If we do actually agree about that, then that distinction is really all I’m referring to! You can think of it as training set versus test set, to use a more standard ML analogy, except in this case the “test set” isn’t labeled at all, because no one labeled it in advance, and also it’s coming in from an unpredictable outside world rather than from a folder on someone’s hard drive.
Why does that matter? Well, because then we’re essentially at the mercy of the model’s generalization properties, in a way we weren’t while it was retrodicting the training set (or even the validation set, if one of those existed). If it gets anything wrong, there’s no longer any training signal or gradient to penalize it for being “wrong”—so the only remaining question is, just how likely is it to be “wrong”, after being trained for however long it was trained?
And that’s where the QFT model comes in. It says, actually, even if you train me for a good long while on a good amount of data, there are lots of ways for me to generalize “wrongly” from your perspective, if I’m modeling the universe at the level of quantum fields. Sure, I got all the retrodictions right while there was something to be retrodicted, but what exactly makes you think I did that by modeling the philosopher whose remarks I was being trained on?
Maybe I was predicting the soundwaves passing through a particularly region of air in the room he was located—or perhaps I was predicting the pattern of physical transistors in the segment of memory of a particular computer containing his works. Those physical locations in spacetime still exist, and now that I’m deployed, I continue to make predictions using those as my referent—except, the encodings I’m predicting there no longer resemble anything like coherent moral philosophy, or coherent anything, really.
The philosopher has left the room, or the computer’s memory has been reconfigured—so what exactly are the criteria by which I’m supposed to act now? Well, they’re going to be something, presumably—but they’re not going to be something explicit. They’re going to be something implicit to my QFT ontology, something that—back when the philosopher was there, during training—worked in tandem with the specifics of his presence, and the setup involving him, to produce accurate retrodictions of his judgements on various matters.
Now that that’s no longer the case, those same criteria describe some mathematical function that bears no meaningful correspondence to anything a human would recognize, valuable or not—but the function exists, and it can be maximized. Not much can be said about what maximizing that function might result in, except that it’s unlikely to look anything like “doing right according to the philosopher”.
That’s why the QFT example is important. A more plausible model, one that doesn’t think natively in terms of quantum amplitudes, permits the possibility of correctly compressing what we want it to compress—of learning to retrodict, not some strange physical correlates of the philosopher’s various motor outputs, but the actual philosopher’s beliefs as we would understand them. Whether that happens, or whether a QFT-style outcome happens instead, depends in large part on the inductive biases of the model’s architecture and the training process—inductive biases on which the natural abstraction hypothesis asserts a possible constraint.
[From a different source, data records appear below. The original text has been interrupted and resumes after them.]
(* Let $X$ be an $n\times n$ complex matrix and $Y$ an $m\times m$ complex matrix, and let $M=\begin{bmatrix} X & J_{nm} \\ J_{mn} & Y\end{bmatrix}$, where $J_{nm}$ denotes the $n\times m$ all-ones matrix, and write $J$ for a square all-ones matrix of the appropriate size. Then: (1) the spectra of $M$ and $J-M$ are determined by the spectra of $X$, $J-X$, $Y$ and $J-Y$; (2) the spectra of $X$ and $J-X$ are determined by the spectra of $M$, $J-M$, $Y$ and $J-Y$. Here "determined" means: if $X'$ ($n'\times n'$), $Y'$ ($m'\times m'$) and $M'$ are another such triple, then in (1) equality of the spectra (as multisets) of $X,J-X,Y,J-Y$ with those of $X',J-X',Y',J-Y'$ implies equality of the spectra of $M, J-M$ with those of $M', J-M'$, and in (2) equality of the spectra of $M,J-M,Y,J-Y$ with those of $M',J-M',Y',J-Y'$ implies equality of the spectra of $X, J-X$ with those of $X',J-X'$. *)

theory Defs
  imports "Jordan_Normal_Form.Char_Poly" "HOL-Computational_Algebra.Polynomial"
begin

definition spec_mset :: "complex mat \<Rightarrow> complex multiset" where
  "spec_mset A = proots (char_poly A)"

definition ones_mat :: "nat \<Rightarrow> nat \<Rightarrow> complex mat" where
  "ones_mat r c = mat r c (\<lambda>_. 1)"

definition compl_mat :: "complex mat \<Rightarrow> complex mat" where
  "compl_mat A = ones_mat (dim_row A) (dim_col A) - A"

definition join_mat :: "complex mat \<Rightarrow> complex mat \<Rightarrow> complex mat" where
  "join_mat X Y = four_block_mat X (ones_mat (dim_row X) (dim_col Y))
                                  (ones_mat (dim_row Y) (dim_col X)) Y"

end

theory Submission
  imports Defs
begin

text \<open>Write \<open>\<chi>(A)\<close> for the characteristic polynomial. The complement \<open>J - M\<close> is block
  diagonal with blocks \<open>J - X\<close> and \<open>J - Y\<close>, so \<open>\<chi>(J - M) = \<chi>(J - X) \<chi>(J - Y)\<close>. For \<open>M\<close>
  itself, a Schur complement together with the matrix determinant lemma for the rank-one matrix \<open>J\<close>
  gives \<open>\<chi>(M) = \<chi>(X) \<chi>(Y) - (\<chi>(X - J) - \<chi>(X)) (\<chi>(Y - J) - \<chi>(Y))\<close> at every \<open>s\<close> where
  \<open>sI - X\<close> and \<open>sI - Y\<close> are invertible, hence as polynomials. Since \<open>X - J = -(J - X)\<close>,
  \<open>\<chi>(X - J)\<close> is determined by \<open>\<chi>(J - X)\<close>. For (2), cancel
  \<open>\<chi>(J - Y) \<noteq> 0\<close> in the first identity; the second is affine in \<open>\<chi>(X)\<close> with leading
  coefficient \<open>\<chi>(Y - J) \<noteq> 0\<close>. Over \<open>\<complex>\<close>, spectrum and characteristic polynomial determine
  each other.\<close>

lemma det_nonzero_imp_right_inverse:
  fixes A :: "'a :: field mat"
  assumes A: "A \<in> carrier_mat n n" and "det A \<noteq> 0"
  obtains A' where "A' \<in> carrier_mat n n" and "A * A' = 1\<^sub>m n"
proof
  show "(1 / det A) \<cdot>\<^sub>m adj_mat A \<in> carrier_mat n n" using adj_mat(1)[OF A] by auto
  have "A * ((1 / det A) \<cdot>\<^sub>m adj_mat A) = (1 / det A) \<cdot>\<^sub>m (A * adj_mat A)"
    by (rule mult_smult_distrib[OF A adj_mat(1)[OF A]])
  also have "\<dots> = 1\<^sub>m n" unfolding adj_mat(2)[OF A] using \<open>det A \<noteq> 0\<close> by (intro eq_matI, auto)
  finally show "A * ((1 / det A) \<cdot>\<^sub>m adj_mat A) = 1\<^sub>m n" .
qed

lemma det_four_block_mat_schur_upper_left:
  fixes A :: "'a :: field mat"
  assumes A: "A \<in> carrier_mat n n" and B: "B \<in> carrier_mat n m" and C: "C \<in> carrier_mat m n"
    and D: "D \<in> carrier_mat m m" and A': "A' \<in> carrier_mat n n" and inv: "A * A' = 1\<^sub>m n"
  shows "det (four_block_mat A B C D) = det A * det (D - C * (A' * B))"
proof -
  define E where "E = four_block_mat (1\<^sub>m n) (- (A' * B)) (0\<^sub>m m n) (1\<^sub>m m)"
  have A'B: "A' * B \<in> carrier_mat n m" using A' B by auto
  have E: "E \<in> carrier_mat (n + m) (n + m)" unfolding E_def using A'B by auto
  have "det E = 1" unfolding E_def
    by (subst det_four_block_mat_lower_left_zero[of _ n _ m]) (use A'B in auto)
  have "A * (A' * B) = B" using A A' B inv by (simp flip: assoc_mult_mat[OF A A' B])
  then have "A * - (A' * B) + B * 1\<^sub>m m = 0\<^sub>m n m" using A A' B by simp
  moreover have "C * - (A' * B) + D * 1\<^sub>m m = D - C * (A' * B)"
    using C D A' B by (simp, intro eq_matI, auto)
  ultimately have prod:
    "four_block_mat A B C D * E = four_block_mat A (0\<^sub>m n m) C (D - C * (A' * B))"
    unfolding E_def mult_four_block_mat[OF A B C D one_carrier_mat uminus_carrier_mat[OF A'B]
        zero_carrier_mat one_carrier_mat]
    using A B C D by simp
  have "det (four_block_mat A B C D) = det (four_block_mat A B C D * E)"
    using det_mult[OF _ E, of "four_block_mat A B C D"] A B C D \<open>det E = 1\<close> by simp
  also have "\<dots> = det A * det (D - C * (A' * B))" unfolding prod
    by (rule det_four_block_mat_upper_right_zero[OF A refl])
      (use C D A'B in \<open>auto intro!: minus_carrier_mat\<close>)
  finally show ?thesis .
qed
(* Let $\|\cdot\|$ be a norm on $\mathbb{R}^d$ and let $\mathbf{X}$ be a random vector in $\mathbb{R}^d$ such that (C1) for every $y>0$ the truncated distribution $\mathbb{P}(\mathbf{X}\in\cdot\mid\|\mathbf{X}\|\le y)$ is nondegenerate (no hyperplane $\mathcal{H}$ has $\mathbb{P}(\mathbf{X}\in\mathcal{H}\mid\|\mathbf{X}\|\le y)=1$), and (C2) the distribution of $\|\mathbf{X}\|$ is absolutely continuous and regularly varying at infinity with index $-\alpha$, $\alpha>0$. Suppose moreover $\alpha\in(2,3]$. Then there exist $C>0$ and $\delta>0$ with $\mathbb{P}(\|\mathbf{X}\|\le\delta)<1$ such that $$\|\Sigma(y)^{-1/2}\|\le C\quad\text{for all } y\ge\delta.$$
   Context: $\Sigma(y)$ is the covariance matrix of the truncated distribution $\mathbb{P}(\mathbf{X}\in\cdot\mid\|\mathbf{X}\|\le y)$, and $\|\Sigma(y)^{-1/2}\|$ is the operator norm of the inverse square root of this (positive definite) matrix. Regular variation of $\|\mathbf{X}\|$ with index $-\alpha$ means $\mathbb{P}(\|\mathbf{X}\|>tx)/\mathbb{P}(\|\mathbf{X}\|>t)\to x^{-\alpha}$ as $t\to\infty$ for every $x>0$. *)

theory Defs
  imports "HOL-Probability.Probability"
begin

definition is_norm :: "(real^'d \<Rightarrow> real) \<Rightarrow> bool" where
  "is_norm N \<longleftrightarrow> (\<forall>x. N x = 0 \<longleftrightarrow> x = 0) \<and> (\<forall>x y. N (x + y) \<le> N x + N y)
     \<and> (\<forall>c x. N (c *\<^sub>R x) = \<bar>c\<bar> * N x)"

definition trunc_event :: "'a measure \<Rightarrow> ('a \<Rightarrow> real^'d) \<Rightarrow> (real^'d \<Rightarrow> real) \<Rightarrow> real \<Rightarrow> 'a set" where
  "trunc_event M X N y = {\<omega> \<in> space M. N (X \<omega>) \<le> y}"

definition cond_exp_event :: "'a measure \<Rightarrow> 'a set \<Rightarrow> ('a \<Rightarrow> real) \<Rightarrow> real" where
  "cond_exp_event M A f = (\<integral>\<omega>. indicator A \<omega> * f \<omega> \<partial>M) / measure M A"

definition trunc_cov :: "'a measure \<Rightarrow> ('a \<Rightarrow> real^'d) \<Rightarrow> (real^'d \<Rightarrow> real) \<Rightarrow> real \<Rightarrow> real^'d^'d" where
  "trunc_cov M X N y = (\<chi> i j.
      let A = trunc_event M X N y in
      cond_exp_event M A (\<lambda>\<omega>. X \<omega> $ i * X \<omega> $ j)
      - cond_exp_event M A (\<lambda>\<omega>. X \<omega> $ i) * cond_exp_event M A (\<lambda>\<omega>. X \<omega> $ j))"

definition nondegenerate_trunc :: "'a measure \<Rightarrow> ('a \<Rightarrow> real^'d) \<Rightarrow> (real^'d \<Rightarrow> real) \<Rightarrow> real \<Rightarrow> bool" where
  "nondegenerate_trunc M X N y \<longleftrightarrow>
     measure M (trunc_event M X N y) > 0 \<and>
     (\<forall>a b. a \<noteq> 0 \<longrightarrow>
        measure M {\<omega> \<in> trunc_event M X N y. a \<bullet> X \<omega> = b} < measure M (trunc_event M X N y))"

definition psd_sqrt :: "real^'n^'n \<Rightarrow> real^'n^'n" where
  "psd_sqrt A = (THE B. transpose B = B \<and> (\<forall>v. 0 \<le> v \<bullet> (B *v v)) \<and> B ** B = A)"

definition inv_sqrt_opnorm :: "real^'n^'n \<Rightarrow> real" where
  "inv_sqrt_opnorm S = onorm (\<lambda>v. psd_sqrt (matrix_inv S) *v v)"

definition regvar_tail :: "'a measure \<Rightarrow> ('a \<Rightarrow> real) \<Rightarrow> real \<Rightarrow> bool" where
  "regvar_tail M R \<alpha> \<longleftrightarrow> (\<forall>x>0.
     ((\<lambda>t. measure M {\<omega> \<in> space M. R \<omega> > t * x} / measure M {\<omega> \<in> space M. R \<omega> > t})
        \<longlongrightarrow> x powr (-\<alpha>)) at_top)"

end

theory Submission
  imports Defs
begin

(* Write A y for the event ||X|| <= y.  For a direction v, v . Sigma(y) v is the variance of
   v . X conditioned on A y, and P(A y) Var(v . X | A y) = min_c E[(v . X - c)^2; A y] is
   monotone in y.  Hence for y >= delta
     v . Sigma(y) v >= P(A y) Var(v . X | A y) >= P(A delta) v . Sigma(delta) v >= P(A delta) c0 |v|^2,
   where c0 > 0 because Sigma(delta) is positive definite by nondegeneracy.  A uniform lower
   bound c on the quadratic forms of the symmetric matrices Sigma(y) bounds the operator norm of
   Sigma(y)^(-1/2) by c^(-1/2); the square root is unique, hence well defined, by the spectral
   theorem, which is obtained by maximising the Rayleigh quotient.  Regular variation is used only
   to choose delta with P(||X|| > delta) > 0. *)

section \<open>Symmetric matrices and their square roots\<close>

lemma linear_coeff_eq_0_if_quadratic_nonpos:
  fixes a b :: real
  assumes "\<And>t. 2 * t * a + t\<^sup>2 * b \<le> 0"
  shows "a = 0"
proof (rule ccontr)
  assume "a \<noteq> 0"
  define s where "s = \<bar>b\<bar> + 1"
  have "s > 0" "2 * s + b > 0" by (auto simp: s_def)
  then have "2 * (a / s) * a + (a / s)\<^sup>2 * b = a\<^sup>2 * (2 * s + b) / s\<^sup>2"
    by (simp add: field_simps power2_eq_square)
  also have "\<dots> > 0"
    using \<open>a \<noteq> 0\<close> \<open>s > 0\<close> \<open>2 * s + b > 0\<close> by simp
  finally show False using assms[of "a / s"] by linarith
qed

lemma symmetric_eigenvector_if_rayleigh_max:
  fixes f :: "'a::real_inner \<Rightarrow> 'a"
  assumes lin: "linear f" and sym: "\<And>x y. f x \<bullet> y = x \<bullet> f y"
    and S: "subspace S" "f ` S \<subseteq> S" and u: "u \<in> S" "norm u = 1"
    and max: "\<And>x. x \<in> S \<Longrightarrow> norm x = 1 \<Longrightarrow> x \<bullet> f x \<le> u \<bullet> f u"
  shows "f u = (u \<bullet> f u) *\<^sub>R u"
proof -
  define l where "l = u \<bullet> f u"
  have uu: "u \<bullet> u = 1" using u(2) by (simp add: dot_square_norm)
  have rayleigh: "x \<bullet> f x \<le> l * (x \<bullet> x)" if "x \<in> S" for x
  proof (cases "x = 0")
    case False
    have "(x /\<^sub>R norm x) \<bullet> f (x /\<^sub>R norm x) \<le> l"
      unfolding l_def using False that S(1) by (intro max) (auto simp: subspace_scale)
    then show ?thesis
      using False by (simp add: linear_scale[OF lin] dot_square_norm power2_eq_square field_simps)
  qed (simp add: linear_0[OF lin])
  have orth: "w \<bullet> f u = 0" if w: "w \<in> S" "w \<bullet> u = 0" for w
  proof (rule linear_coeff_eq_0_if_quadratic_nonpos)
    fix t
    have "(u + t *\<^sub>R w) \<bullet> f (u + t *\<^sub>R w) \<le> l * ((u + t *\<^sub>R w) \<bullet> (u + t *\<^sub>R w))"
      using w u(1) S(1) by (intro rayleigh) (simp add: subspace_add subspace_scale)
    then show "2 * t * (w \<bullet> f u) + t\<^sup>2 * (w \<bullet> f w - l * (w \<bullet> w)) \<le> 0"
      using sym[of w u] w(2) uu
      by (simp add: linear_add[OF lin] linear_scale[OF lin] inner_add_left inner_add_right
          inner_commute power2_eq_square algebra_simps l_def)
  qed
  define w where "w = f u - l *\<^sub>R u"
  have "w \<in> S" using u(1) S by (auto simp: w_def subspace_diff subspace_scale)
  moreover have wu: "w \<bullet> u = 0" using uu by (simp add: w_def inner_diff_left l_def inner_commute[of "f u" u])
  ultimately have "w \<bullet> w = 0" using orth by (simp add: w_def inner_diff_right)
  then show ?thesis by (simp add: w_def l_def)
qed
(* For integers $m\ge1$ and $0\le k\le m$, the circle-valued Morse function $f\colon K_{m,k}\to S^1$ induces a short exact sequence $1\to F_{m+k}\to G_{m,k}\to\mathbb Z\to1$, where $F_{m+k}$ is a free group of rank $m+k$ (and the map $G_{m,k}\to\mathbb Z$ sends every generator $a_i$ to a fixed generator of $\mathbb Z$).
   Context: $G_{m,k}=\langle a_1,\dots,a_{m+k+1}\mid [a_i,a_{i+1}]=1\ (1\le i\le m),\ a_{m+j+1}^{-1}a_ja_{m+j+1}=a_{m+j}\ (1\le j\le k)\rangle$, and $K_{m,k}$ is its presentation $2$–complex (one $0$–cell, one $1$–cell per generator, one square per relator). Give $S^1$ the CW structure with one $0$–cell and one $1$–cell; $f$ sends the $0$–cell of $K_{m,k}$ to the $0$–cell of $S^1$, maps each $1$–cell homeomorphically onto the $1$–cell of $S^1$ (in its orientation), and extends linearly over the square $2$–cells (so that its lift to universal covers is a Morse function whose value on each square is affine). *)

theory Defs
  imports "HOL-Algebra.Algebra"
begin

text \<open>Words in generators indexed by naturals: a letter (i, True) stands for a_i,
  and (i, False) for a_i inverse.\<close>

type_synonym letter = "nat \<times> bool"
type_synonym word = "letter list"

definition inv_word :: "word \<Rightarrow> word" where
  "inv_word w = rev (map (\<lambda>(i, b). (i, \<not> b)) w)"

definition words_over :: "nat set \<Rightarrow> word set" where
  "words_over A = {w. \<forall>x \<in> set w. fst x \<in> A}"

inductive pres_eq :: "nat set \<Rightarrow> word set \<Rightarrow> word \<Rightarrow> word \<Rightarrow> bool"
  for A :: "nat set" and R :: "word set" where
  pres_refl: "pres_eq A R w w"
| pres_sym: "pres_eq A R v w \<Longrightarrow> pres_eq A R w v"
| pres_trans: "pres_eq A R u v \<Longrightarrow> pres_eq A R v w \<Longrightarrow> pres_eq A R u w"
| pres_cancel: "i \<in> A \<Longrightarrow> pres_eq A R (u @ [(i, b), (i, \<not> b)] @ v) (u @ v)"
| pres_rel: "r \<in> R \<Longrightarrow> pres_eq A R (u @ r @ v) (u @ v)"

definition pres_class :: "nat set \<Rightarrow> word set \<Rightarrow> word \<Rightarrow> word set" where
  "pres_class A R w = {v \<in> words_over A. pres_eq A R w v}"

definition pres_mult :: "nat set \<Rightarrow> word set \<Rightarrow> word set \<Rightarrow> word set \<Rightarrow> word set" where
  "pres_mult A R U W = {v \<in> words_over A. \<exists>x\<in>U. \<exists>y\<in>W. pres_eq A R (x @ y) v}"

definition presented_group :: "nat set \<Rightarrow> word set \<Rightarrow> word set monoid" where
  "presented_group A R =
    \<lparr>carrier = pres_class A R ` words_over A,
     monoid.mult = pres_mult A R,
     one = pres_class A R []\<rparr>"

definition pres_gen :: "nat set \<Rightarrow> word set \<Rightarrow> nat \<Rightarrow> word set" where
  "pres_gen A R i = pres_class A R [(i, True)]"

definition free_group_rank :: "nat \<Rightarrow> word set monoid" where
  "free_group_rank n = presented_group {1..n} {}"

text \<open>Commutator [a_i, a_{i+1}] = a_i^{-1} a_{i+1}^{-1} a_i a_{i+1};
  the relation a_{m+j+1}^{-1} a_j a_{m+j+1} = a_{m+j} becomes the relator
  a_{m+j+1}^{-1} a_j a_{m+j+1} a_{m+j}^{-1}.\<close>

definition G_gens :: "nat \<Rightarrow> nat \<Rightarrow> nat set" where
  "G_gens m k = {1..m+k+1}"
(* Let $X$ be a non-empty finite set and $\mathcal{P}=\{P_1,\ldots,P_n\}$ a partition of $X$ with $n\ge 2$ blocks, indexed so that $|P_i|\le|P_j|$ whenever $i<j$. Let $U\subseteq T(X,\mathcal{P})\setminus\Sigma(X,\mathcal{P})$ be such that $T(X,\mathcal{P})$ is generated (as a semigroup) by $\Sigma(X,\mathcal{P})\cup U$. Then for all distinct $i,j\in\{1,\ldots,n\}$ there exist $f\in U\cap\mathcal{A}$ and distinct $k,l\in\{1,\ldots,n\}$ such that $(k)\overline{f}=(l)\overline{f}$, $|P_i|=|P_k|$ and $|P_j|=|P_l|$.
   Context: Maps are written on the right and composed left to right. $T(X,\mathcal{P})$ is the semigroup of maps $f:X\to X$ such that each block of $\mathcal{P}$ is mapped into some block of $\mathcal{P}$; $\Sigma(X,\mathcal{P})$ is the set of $f\in T(X,\mathcal{P})$ whose image intersects every block of $\mathcal{P}$. For $f\in T(X,\mathcal{P})$, $\overline{f}:\{1,\ldots,n\}\to\{1,\ldots,n\}$ is defined by $(i)\overline{f}=j$ whenever $P_if\subseteq P_j$. $\mathcal{A}$ is the set of $f\in T(X,\mathcal{P})$ such that $f|_{P_i}$ is injective for every $i$ and $|\operatorname{im}(\overline{f})|=n-1$. *)

theory Defs
  imports Main "HOL-Library.FuncSet"
begin

text \<open>Maps X -> X are represented as extensional functions (value undefined outside X). Maps act on the right, so the
product f g (first f, then g) is the function compose X g f.\<close>

definition is_partition :: "'a set \<Rightarrow> (nat \<Rightarrow> 'a set) \<Rightarrow> nat \<Rightarrow> bool" where
  "is_partition X P n \<longleftrightarrow>
     (\<forall>i\<in>{1..n}. P i \<noteq> {}) \<and>
     (\<forall>i\<in>{1..n}. \<forall>j\<in>{1..n}. i \<noteq> j \<longrightarrow> P i \<inter> P j = {}) \<and>
     (\<Union>i\<in>{1..n}. P i) = X"

definition TP :: "'a set \<Rightarrow> (nat \<Rightarrow> 'a set) \<Rightarrow> nat \<Rightarrow> ('a \<Rightarrow> 'a) set" where
  "TP X P n = {f \<in> X \<rightarrow>\<^sub>E X. \<forall>i\<in>{1..n}. \<exists>j\<in>{1..n}. f ` P i \<subseteq> P j}"

definition SigmaP :: "'a set \<Rightarrow> (nat \<Rightarrow> 'a set) \<Rightarrow> nat \<Rightarrow> ('a \<Rightarrow> 'a) set" where
  "SigmaP X P n = {f \<in> TP X P n. \<forall>j\<in>{1..n}. f ` X \<inter> P j \<noteq> {}}"

definition fbar :: "(nat \<Rightarrow> 'a set) \<Rightarrow> nat \<Rightarrow> ('a \<Rightarrow> 'a) \<Rightarrow> nat \<Rightarrow> nat" where
  "fbar P n f i = (THE j. j \<in> {1..n} \<and> f ` P i \<subseteq> P j)"

definition AP :: "'a set \<Rightarrow> (nat \<Rightarrow> 'a set) \<Rightarrow> nat \<Rightarrow> ('a \<Rightarrow> 'a) set" where
  "AP X P n = {f \<in> TP X P n. (\<forall>i\<in>{1..n}. inj_on f (P i)) \<and>
                 card (fbar P n f ` {1..n}) = n - 1}"
(* Let $(\Omega,\mathcal F,\mathbb P)$ be a probability space carrying a group of measurable bijections $\{\theta_n\}_{n\in\mathbb Z}$ ($\theta_n\circ\theta_m=\theta_{n+m}$), each preserving $\mathbb P$. Let $\{a_n\}_{n\in\mathbb Z}$ be i.i.d. random variables with values in $\{1,2,3,\dots\}$, compatible with the flow ($a_n(\omega)=a_0(\theta_n\omega)$), with $\mathbb E[a_0]<\infty$ and $\mathbb P[a_0=1]>0$. Put $f(n)=n+a_n$ and $$N_n=\#\{m\in\mathbb Z:\ m<n,\ f(m)>n\}+1,\qquad n\in\mathbb Z.$$ Let $\Psi^o=\{m\in\mathbb Z: N_m=1\}$. Then $\Psi^o$ is an integer-valued renewal process whose intensity satisfies $$\lambda^o:=\mathbb P[0\in\Psi^o]=\prod_{i=1}^{\infty}\mathbb P[a_0\le i]>0.$$
   Context: A simple stationary point process (s.s.p.p.) on $\mathbb Z$ is a random subset $\Phi\subset\mathbb Z$ such that the indicator process $U_n=\mathbf 1\{n\in\Phi\}$ is compatible with the flow ($U_n(\omega)=U_0(\theta_n\omega)$) and $\Phi$ is a.s. nonempty. Its points are enumerated as $\cdots<k_{-1}<k_0\le 0<k_1<k_2<\cdots$. Its intensity is $\lambda_\Phi=\mathbb P[0\in\Phi]$, and when $\lambda_\Phi>0$ its Palm probability is $\mathbb P_\Phi[\cdot]=\mathbb P[\cdot\mid 0\in\Phi]$. An s.s.p.p. $\Psi$ is an integer-valued renewal process if $\{k_n-k_{n-1}\}_{n\in\mathbb Z}$ is i.i.d. under $\mathbb P_\Psi$. $N_n$ is interpreted as the number of individuals alive at time $n$ when individual $m$ lives during $[m,m+a_m)$. *)

theory Defs
  imports "HOL-Probability.Probability"
begin
lemma sd_loss_onehot:
  assumes "j < J"
  shows "sd_loss \<beta> lam J (onehot j) p = ((\<Sum>k<J. p k powr (1 + \<beta>))
     - (1 + \<beta>) / sdB \<beta> lam * p j powr sdB \<beta> lam + real J * (sdA \<beta> lam / sdB \<beta> lam)) / sdA \<beta> lam"
proof -
  have "(\<Sum>k<J. (1 + \<beta>) / sdB \<beta> lam * onehot j k * p k powr sdB \<beta> lam)
      = (1 + \<beta>) / sdB \<beta> lam * p j powr sdB \<beta> lam"
    using assms by (simp add: onehot_def if_distrib if_distribR cong: if_cong)
  then show ?thesis
    unfolding sd_loss_def by (simp add: sum.distrib sum_subtractf)
qed

definition onehot_loss_sum :: "real \<Rightarrow> real \<Rightarrow> nat \<Rightarrow> (nat \<Rightarrow> real) \<Rightarrow> real" where
  "onehot_loss_sum \<beta> lam J p = (\<Sum>j<J. sd_loss \<beta> lam J (onehot j) p)"

lemma onehot_loss_sum_eq:
  "onehot_loss_sum \<beta> lam J p = (real J * (\<Sum>k<J. p k powr (1 + \<beta>))
     - (1 + \<beta>) / sdB \<beta> lam * (\<Sum>k<J. p k powr sdB \<beta> lam)
     + real J * real J * (sdA \<beta> lam / sdB \<beta> lam)) / sdA \<beta> lam"
  unfolding onehot_loss_sum_def
  by (simp add: sd_loss_onehot sum_divide_distrib[symmetric] sum.distrib sum_subtractf
      sum_distrib_left[symmetric])

definition sd_symmetry_gap :: "real \<Rightarrow> real \<Rightarrow> nat \<Rightarrow> real" where
  "sd_symmetry_gap \<beta> lam J = (real J - real J powr (1 - \<beta>)
     + (1 + \<beta>) / sdB \<beta> lam * \<bar>1 - real J powr (1 - sdB \<beta> lam)\<bar>) / sdA \<beta> lam"

lemma onehot_loss_sum_diff_le:
  fixes p q :: "nat \<Rightarrow> real"
  assumes J: "J \<ge> 1" and \<beta>: "0 \<le> \<beta>" and A: "0 < sdA \<beta> lam" and B: "0 < sdB \<beta> lam"
    and p: "\<forall>j<J. 0 < p j" "(\<Sum>j<J. p j) = 1"
    and q: "\<forall>j<J. 0 < q j" "(\<Sum>j<J. q j) = 1"
  shows "onehot_loss_sum \<beta> lam J p - onehot_loss_sum \<beta> lam J q \<le> sd_symmetry_gap \<beta> lam J"
proof -
  define c where "c = (1 + \<beta>) / sdB \<beta> lam"
  define P where "P = (\<lambda>r. \<Sum>k<J. p k powr r)"
  define Q where "Q = (\<lambda>r. \<Sum>k<J. q k powr r)"
  have "c \<ge> 0" using \<beta> B by (simp add: c_def)
  have "1 \<le> real J powr \<beta>"
    using J \<beta> by (intro ge_one_powr_ge_zero) auto
  then have "real J powr (- \<beta>) \<le> 1"
    by (simp add: powr_minus inverse_le_1_iff)
  then have "P (1 + \<beta>) - Q (1 + \<beta>) \<le> 1 - real J powr (- \<beta>)"
    using abs_diff_powr_sums_le[OF J p q, of "1 + \<beta>"] \<beta> by (simp add: P_def Q_def)
  then have "real J * (P (1 + \<beta>) - Q (1 + \<beta>)) \<le> real J * (1 - real J powr (- \<beta>))"
    by (rule mult_left_mono) simp
  also have "\<dots> = real J - real J powr (1 - \<beta>)"
    using J powr_add[of "real J" 1 "- \<beta>"] by (simp add: right_diff_distrib)
  finally have first: "real J * (P (1 + \<beta>) - Q (1 + \<beta>)) \<le> real J - real J powr (1 - \<beta>)" .
  have "Q (sdB \<beta> lam) - P (sdB \<beta> lam) \<le> \<bar>1 - real J powr (1 - sdB \<beta> lam)\<bar>"
    using abs_diff_powr_sums_le[OF J p q B] by (simp add: P_def Q_def)
  then have second: "c * (Q (sdB \<beta> lam) - P (sdB \<beta> lam)) \<le> c * \<bar>1 - real J powr (1 - sdB \<beta> lam)\<bar>"
    using \<open>c \<ge> 0\<close> by (rule mult_left_mono)
  define K where "K = real J * real J * (sdA \<beta> lam / sdB \<beta> lam)"
  have "onehot_loss_sum \<beta> lam J p - onehot_loss_sum \<beta> lam J q
      = ((real J * P (1 + \<beta>) - c * P (sdB \<beta> lam) + K)
        - (real J * Q (1 + \<beta>) - c * Q (sdB \<beta> lam) + K)) / sdA \<beta> lam"
    unfolding onehot_loss_sum_eq P_def Q_def c_def K_def by (rule diff_divide_distrib[symmetric])
  also have "\<dots> = (real J * (P (1 + \<beta>) - Q (1 + \<beta>)) + c * (Q (sdB \<beta> lam) - P (sdB \<beta> lam)))
      / sdA \<beta> lam"
    by (simp add: algebra_simps)
  also have "\<dots> \<le> sd_symmetry_gap \<beta> lam J"
    unfolding sd_symmetry_gap_def c_def[symmetric]
    using A by (intro divide_right_mono add_mono first second) simp
  finally show ?thesis .
qed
If I were to guess, I’d guess that by “you” you’re referring to someone or something outside of the model, who has access to the model’s internals, and who uses that access to, as you say, “read” the next token out of the model’s ontology.
Was using a metaphorical “you”. Probably should’ve said something like “gradient descent will find a way to read the next token out of the QFT-based simulation”.
Yes, there are certainly applications where the training regime produces IID data, but next-token prediction is pretty clearly not one of those?
I suppose I should’ve said various documents are IID to be more clear. I would certainly guess they are.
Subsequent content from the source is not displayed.